Items listed in a dataset:

lemma sqrt_abs_substitution:
  assumes I: "open I" "u \<in> I" and D: "(d has_real_derivative D) (at u)" and d: "d u \<noteq> 0"
    and h: "(h has_real_derivative H) (at u)" and f: "\<And>x. x \<in> I \<Longrightarrow> f x = sqrt \<bar>d x\<bar> * h x"
  shows "2 * d u * deriv f u - D * f u = 2 * d u * sqrt \<bar>d u\<bar> * H"
proof -
  have "D * f u / (2 * d u) + sqrt \<bar>d u\<bar> * H = D * sqrt \<bar>d u\<bar> * h u / (2 * d u) + sqrt \<bar>d u\<bar> * H"
    using f[OF I(2)] by simp
  moreover have "((\<lambda>x. sqrt \<bar>d x\<bar> * h x) has_real_derivative
      D * sqrt \<bar>d u\<bar> * h u / (2 * d u) + sqrt \<bar>d u\<bar> * H) (at u)"
    using DERIV_mult[OF has_real_derivative_sqrt_abs[OF D d] h] by (simp add: mult.commute)
  ultimately have "((\<lambda>x. sqrt \<bar>d x\<bar> * h x) has_real_derivative
      D * f u / (2 * d u) + sqrt \<bar>d u\<bar> * H) (at u)"
    by (simp only:)
  then have "(f has_real_derivative D * f u / (2 * d u) + sqrt \<bar>d u\<bar> * H) (at u)"
    by (rule has_field_derivative_transform_within_open[OF _ I]) (simp add: f)
  then show ?thesis
    using d by (simp add: DERIV_imp_deriv field_simps)
qed

lemma sqrt_abs_ode_solutions:
  fixes d f l :: "real \<Rightarrow> real" and c :: real
  assumes I: "open I" and c: "c \<noteq> 0" and d: "\<And>u. u \<in> I \<Longrightarrow> d u \<noteq> 0"
    and D: "\<And>u. u \<in> I \<Longrightarrow> (d has_real_derivative deriv d u) (at u)"
    and f: "\<And>u. u \<in> I \<Longrightarrow> f differentiable (at u)"
  shows "(\<forall>u\<in>I. 2 * d u * deriv f u - deriv d u * f u = c * d u * \<bar>d u\<bar> * l u) \<longleftrightarrow>
    (\<exists>F c2. (\<forall>u\<in>I. (F has_real_derivative sqrt \<bar>d u\<bar> * l u) (at u)) \<and>
            (\<forall>u\<in>I. f u = sqrt \<bar>d u\<bar> * (c / 2 * F u + c2)))"
proof
  assume ode: "\<forall>u\<in>I. 2 * d u * deriv f u - deriv d u * f u = c * d u * \<bar>d u\<bar> * l u"
  define F where "F x = 2 / c * (f x / sqrt \<bar>d x\<bar>)" for x
  have "(F has_real_derivative sqrt \<bar>d u\<bar> * l u) (at u)" if u: "u \<in> I" for u
  proof -
    obtain Df where "(f has_real_derivative Df) (at u)"
      using f[OF u] by (auto simp: real_differentiable_def)
    moreover have "sqrt \<bar>d u\<bar> \<noteq> 0" using d[OF u] by simp
    ultimately have quot: "((\<lambda>x. f x / sqrt \<bar>d x\<bar>) has_real_derivative
        (Df * sqrt \<bar>d u\<bar> - f u * (deriv d u * sqrt \<bar>d u\<bar> / (2 * d u))) / (sqrt \<bar>d u\<bar> * sqrt \<bar>d u\<bar>)) (at u)"
      using DERIV_divide has_real_derivative_sqrt_abs[OF D[OF u] d[OF u]] by blast
    have "\<exists>H. (F has_real_derivative H) (at u)"
      unfolding F_def[abs_def] using DERIV_cmult[OF quot] by blast
    then obtain H where H: "(F has_real_derivative H) (at u)" ..
    have "\<And>x. x \<in> I \<Longrightarrow> f x = sqrt \<bar>d x\<bar> * (c / 2 * F x)"
      using c d by (simp add: F_def)
    from sqrt_abs_substitution[OF I u D[OF u] d[OF u] DERIV_cmult[OF H] this]
    have "2 * d u * deriv f u - deriv d u * f u = 2 * d u * sqrt \<bar>d u\<bar> * (c / 2 * H)" .
    moreover have "c * d u * (sqrt \<bar>d u\<bar> * (sqrt \<bar>d u\<bar> * l u)) = c * d u * \<bar>d u\<bar> * l u"
      by (simp add: mult.assoc[symmetric])
    ultimately have "c * d u * (sqrt \<bar>d u\<bar> * (sqrt \<bar>d u\<bar> * l u)) = c * d u * (sqrt \<bar>d u\<bar> * H)"
      using ode u by (simp add: ac_simps)
    with c d[OF u] have "H = sqrt \<bar>d u\<bar> * l u" by simp
    with H show ?thesis by simp
  qed
  moreover have "\<forall>u\<in>I. f u = sqrt \<bar>d u\<bar> * (c / 2 * F u + 0)"
    using c d by (simp add: F_def)
  ultimately show "\<exists>F c2. (\<forall>u\<in>I. (F has_real_derivative sqrt \<bar>d u\<bar> * l u) (at u)) \<and>
      (\<forall>u\<in>I. f u = sqrt \<bar>d u\<bar> * (c / 2 * F u + c2))"
    by blast
next
  assume "\<exists>F c2. (\<forall>u\<in>I. (F has_real_derivative sqrt \<bar>d u\<bar> * l u) (at u)) \<and>
      (\<forall>u\<in>I. f u = sqrt \<bar>d u\<bar> * (c / 2 * F u + c2))"
  then obtain F c2 where F: "\<forall>u\<in>I. (F has_real_derivative sqrt \<bar>d u\<bar> * l u) (at u)"
    and fF: "\<forall>u\<in>I. f u = sqrt \<bar>d u\<bar> * (c / 2 * F u + c2)" by blast
  show "\<forall>u\<in>I. 2 * d u * deriv f u - deriv d u * f u = c * d u * \<bar>d u\<bar> * l u"
  proof
    fix u assume u: "u \<in> I"
    have "((\<lambda>x. c / 2 * F x + c2) has_real_derivative c / 2 * (sqrt \<bar>d u\<bar> * l u)) (at u)"
      using F u by (auto intro!: derivative_eq_intros)
    then have "2 * d u * deriv f u - deriv d u * f u
        = 2 * d u * sqrt \<bar>d u\<bar> * (c / 2 * (sqrt \<bar>d u\<bar> * l u))"
      by (rule sqrt_abs_substitution[OF I u D[OF u] d[OF u]]) (use fF in blast)
    then show "2 * d u * deriv f u - deriv d u * f u = c * d u * \<bar>d u\<bar> * l u"
      by (simp add: field_simps abs_if real_sqrt_mult_self)
  qed
qed

lemma constant_on_interval_iff_deriv_eq_0:
  fixes g :: "real \<Rightarrow> real"
  assumes I: "open I" "is_interval I" and g: "\<And>u. u \<in> I \<Longrightarrow> g differentiable (at u)"
  shows "(\<forall>u\<in>I. deriv g u = 0) \<longleftrightarrow> (\<exists>c. \<forall>u\<in>I. g u = c)"
proof
  assume "\<forall>u\<in>I. deriv g u = 0"
  then have "\<And>u. u \<in> I \<Longrightarrow> (g has_field_derivative 0) (at u within I)"
    using g by (metis DERIV_deriv_iff_real_differentiable has_field_derivative_at_within)
  then show "\<exists>c. \<forall>u\<in>I. g u = c"
    using has_field_derivative_zero_constant[OF is_interval_convex[OF I(2)]] by blast
next
  assume "\<exists>c. \<forall>u\<in>I. g u = c"
  then obtain c where c: "\<forall>u\<in>I. g u = c" ..
  show "\<forall>u\<in>I. deriv g u = 0"
  proof
    fix u assume "u \<in> I"
    have "(g has_real_derivative 0) (at u)"
      by (rule has_field_derivative_transform_within_open[OF DERIV_const I(1) \<open>u \<in> I\<close>])
         (simp add: c)
    then show "deriv g u = 0" by (rule DERIV_imp_deriv)
  qed
qed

TASK DIRECTIONS:
What you give back should be exactly the lines of the entries above from the one containing "I(1) \<open>u \<in> I\<close>])" to the end, and nothing more.

SOLUTION FOR THIS EXERCISE:
      by (rule has_field_derivative_transform_within_open[OF DERIV_const I(1) \<open>u \<in> I\<close>])
         (simp add: c)
    then show "deriv g u = 0" by (rule DERIV_imp_deriv)
  qed
qed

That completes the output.